In deze zaak heeft de Hoge Raad op 15 september 2023 uitspraak gedaan in een cassatieprocedure die was aangespannen door [X] B.V. tegen de Staatssecretaris van Financiën en de Staat, vertegenwoordigd door de Minister van Justitie en Veiligheid. De zaak betreft een geschil over de proceskosten in een belastingkwestie, specifiek de belasting van personenauto’s en motorrijwielen. De belanghebbende had eerder een bedrag aan belasting voldaan en was in hoger beroep gegaan tegen een uitspraak van de Rechtbank Noord-Holland, die het beroep ongegrond had verklaard. Het Gerechtshof Amsterdam had het hoger beroep van de belanghebbende gegrond verklaard, maar enkel voor wat betreft de wettelijke rente over het griffierecht.
De Hoge Raad heeft de uitspraak van het Hof vernietigd, maar alleen voor zover deze betrekking had op de beslissing over de proceskosten voor het hoger beroep. De Hoge Raad oordeelde dat het Hof de kosten van beroepsmatig verleende rechtsbijstand niet correct had vastgesteld, met name in het licht van het discriminatieverbod. De Hoge Raad heeft de Staatssecretaris van Financiën veroordeeld tot het vergoeden van het griffierecht en de proceskosten van de belanghebbende in de cassatieprocedure, vastgesteld op € 3.348. Tevens werd de Inspecteur veroordeeld in de kosten van de belanghebbende voor het geding voor het Hof, vastgesteld op € 419.
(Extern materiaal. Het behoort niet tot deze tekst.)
(* Let $n\ge 1$, let $(p_1,\dots,p_n)$ be a probability vector (i.e. $p_i\ge 0$ and $\sum_{i=1}^n p_i=1$), and let $\beta>0$. Let $n_0$ be the number of indices $i$ with $p_i=0$, and let $p_1',\dots,p_{n-n_0}'$ denote the strictly positive entries among $p_1,\dots,p_n$. Define the R\'enyi entropy of order $\beta$ (for $\beta\neq 1$) by \[ {_\beta}H_n(p_1,\dots,p_n)=(1-\beta)^{-1}\log_2\sum_{i=1}^n p_i^\beta . \] Then: \begin{enumerate} \item if $0<\beta<1$, \[ {_\beta}H_n(p_1,\dots,p_n)\ \ge\ (1-\beta)^{-1}\Big(\log_2(n-n_0)+\frac{\beta}{n-n_0}\sum_{i=1}^{n-n_0}\log_2 p_i'\Big); \] \item if $\beta>1$, \[ {_\beta}H_n(p_1,\dots,p_n)\ \le\ (1-\beta)^{-1}\Big(\log_2(n-n_0)+\frac{\beta}{n-n_0}\sum_{i=1}^{n-n_0}\log_2 p_i'\Big). \] \end{enumerate}
   Context: Convention: $0^\beta=0$ for $\beta>0$. *)

theory Defs
  imports Complex_Main
begin

text \<open>Renyi entropy of order beta (beta ~= 1) of (p 1, ..., p n), base-2 logarithm.
  Note 0 powr beta = 0, matching the convention 0^beta = 0 for beta > 0.\<close>
definition renyi_entropy :: "real \<Rightarrow> nat \<Rightarrow> (nat \<Rightarrow> real) \<Rightarrow> real" where
  "renyi_entropy \<beta> n p = (1 / (1 - \<beta>)) * log 2 (\<Sum>i=1..n. p i powr \<beta>)"

end

theory Submission
  imports Defs
begin

text \<open>By concavity of the logarithm (AM-GM), the average of \<beta> log p_i = log p_i^\<beta> over the
  support is at most the logarithm of the average of the p_i^\<beta>. Zero entries contribute nothing
  to \<Sum> p_i^\<beta>, so log (n - n0) + \<beta>/(n - n0) \<Sum> log p'_i \<le> log \<Sum> p_i^\<beta>; multiplying by
  1/(1 - \<beta>) gives both inequalities, the direction depending on its sign.\<close>

lemma sum_ln_le_card_mult_ln_mean:
  fixes x :: "'a \<Rightarrow> real"
  assumes "finite P" "P \<noteq> {}" "\<And>i. i \<in> P \<Longrightarrow> x i > 0"
  shows "(\<Sum>i\<in>P. ln (x i)) \<le> real (card P) * ln ((\<Sum>i\<in>P. x i) / real (card P))"
proof -
  define m where "m = real (card P)"
  have m: "m > 0" using assms by (simp add: m_def card_gt_0_iff)
  define A where "A = (\<Sum>i\<in>P. x i) / m"
  have "(\<Sum>i\<in>P. x i) > 0" using assms by (intro sum_pos) auto
  hence A: "A > 0" using m by (simp add: A_def)
  have "(\<Sum>i\<in>P. ln (x i) - ln A) = (\<Sum>i\<in>P. ln (x i / A))"
    using assms A by (intro sum.cong) (simp_all add: ln_div, fastforce)
  also have "\<dots> \<le> (\<Sum>i\<in>P. x i / A - 1)"
    by (intro sum_mono ln_le_minus_one) (use assms A in auto)
  also have "\<dots> = (\<Sum>i\<in>P. x i) / A - m"
    by (simp add: sum_subtractf sum_divide_distrib m_def)
  also have "\<dots> = 0" using m A by (auto simp: A_def)
  finally show ?thesis by (simp add: sum_subtractf m_def [symmetric] A_def)
qed

lemma log_card_plus_mean_log_le_log_sum_powr:
  fixes p :: "'a \<Rightarrow> real"
  assumes "finite P" "P \<noteq> {}" "\<And>i. i \<in> P \<Longrightarrow> p i > 0"
  shows "log 2 (card P) + (\<beta> / card P) * (\<Sum>i\<in>P. log 2 (p i))
           \<le> log 2 (\<Sum>i\<in>P. p i powr \<beta>)"
proof -
  define m where "m = real (card P)"
  define S where "S = (\<Sum>i\<in>P. p i powr \<beta>)"
  have m: "m > 0" using assms by (simp add: m_def card_gt_0_iff)
  have S: "S > 0" unfolding S_def using assms
    by (intro sum_pos) (auto simp: dual_order.strict_implies_not_eq)
  have "\<beta> * (\<Sum>i\<in>P. ln (p i)) = (\<Sum>i\<in>P. ln (p i powr \<beta>))"
    using assms(3) by (simp add: ln_powr sum_distrib_left)
  also have "\<dots> \<le> m * ln (S / m)"
    unfolding S_def m_def by (rule sum_ln_le_card_mult_ln_mean)
      (use assms in \<open>auto simp: dual_order.strict_implies_not_eq\<close>)
  finally have "ln m + (\<beta> / m) * (\<Sum>i\<in>P. ln (p i)) \<le> ln S"
    using m S by (simp add: ln_div field_simps)
  hence "(ln m + (\<beta> / m) * (\<Sum>i\<in>P. ln (p i))) / ln 2 \<le> ln S / ln 2"
    by (simp add: divide_right_mono)
  thus ?thesis
    by (simp add: log_def add_divide_distrib sum_divide_distrib [symmetric] m_def S_def)
qed

lemma sum_atLeastAtMost_eq_sum_support:
  fixes p :: "nat \<Rightarrow> real"
  assumes "f 0 = 0"
  shows "(\<Sum>i=1..n. f (p i)) = (\<Sum>i\<in>{i \<in> {1..n}. p i \<noteq> 0}. f (p i))"
  using assms by (intro sum.mono_neutral_right) auto

theorem mainTheorem1:
  fixes n :: nat and p :: "nat \<Rightarrow> real" and \<beta> :: real
  assumes "n \<ge> 1"
    and "\<And>i. i \<in> {1..n} \<Longrightarrow> p i \<ge> 0"
    and "(\<Sum>i=1..n. p i) = 1"
    and "\<beta> > 0"
  defines "P \<equiv> {i \<in> {1..n}. p i > 0}"
  defines "n0 \<equiv> card {i \<in> {1..n}. p i = 0}"
  shows "(\<beta> < 1 \<longrightarrow> renyi_entropy \<beta> n p \<ge>
            (1 / (1 - \<beta>)) * (log 2 (real (n - n0)) + (\<beta> / real (n - n0)) * (\<Sum>i\<in>P. log 2 (p i))))
       \<and> (\<beta> > 1 \<longrightarrow> renyi_entropy \<beta> n p \<le>
            (1 / (1 - \<beta>)) * (log 2 (real (n - n0)) + (\<beta> / real (n - n0)) * (\<Sum>i\<in>P. log 2 (p i))))"
proof -
  have support: "{i \<in> {1..n}. p i \<noteq> 0} = P"
    using assms(2) by (force simp: P_def)
  have "{1..n} = P \<union> {i \<in> {1..n}. p i = 0}"
    using assms(2) by (force simp: P_def)
  moreover have "P \<inter> {i \<in> {1..n}. p i = 0} = {}"
    by (auto simp: P_def)
  ultimately have "card {1..n} = card P + n0"
    unfolding n0_def by (metis card_Un_disjoint finite_Un finite_atLeastAtMost)
  hence card_P: "n - n0 = card P" by simp
  have "(\<Sum>i\<in>P. p i) = 1"
    using assms(3) sum_atLeastAtMost_eq_sum_support [where f = "\<lambda>x. x" and p = p and n = n]
    unfolding support by simp
  moreover have "finite P" "\<And>i. i \<in> P \<Longrightarrow> p i > 0" by (simp_all add: P_def)
  ultimately have "log 2 (card P) + (\<beta> / card P) * (\<Sum>i\<in>P. log 2 (p i))
                     \<le> log 2 (\<Sum>i\<in>P. p i powr \<beta>)"
    by (intro log_card_plus_mean_log_le_log_sum_powr) auto
  also have "(\<Sum>i\<in>P. p i powr \<beta>) = (\<Sum>i=1..n. p i powr \<beta>)"
    using sum_atLeastAtMost_eq_sum_support [where f = "\<lambda>x. x powr \<beta>" and p = p and n = n]
    unfolding support by simp
  finally have bound: "log 2 (n - n0) + (\<beta> / (n - n0)) * (\<Sum>i\<in>P. log 2 (p i))
                  \<le> log 2 (\<Sum>i=1..n. p i powr \<beta>)"
    unfolding card_P .
  show ?thesis
    unfolding renyi_entropy_def using bound
    by (intro conjI impI mult_left_mono mult_left_mono_neg) simp_all
qed

end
De uitspraak van de Hoge Raad benadrukt de noodzaak om de proceskosten in belastingzaken op een eerlijke en niet-discriminerende manier vast te stellen, en bevestigt dat de waarde per punt voor beroepsmatig verleende rechtsbijstand moet worden berekend volgens de geldende regelgeving. Dit arrest is van belang voor de verdere ontwikkeling van het recht op het gebied van proceskosten in bestuursrechtelijke procedures.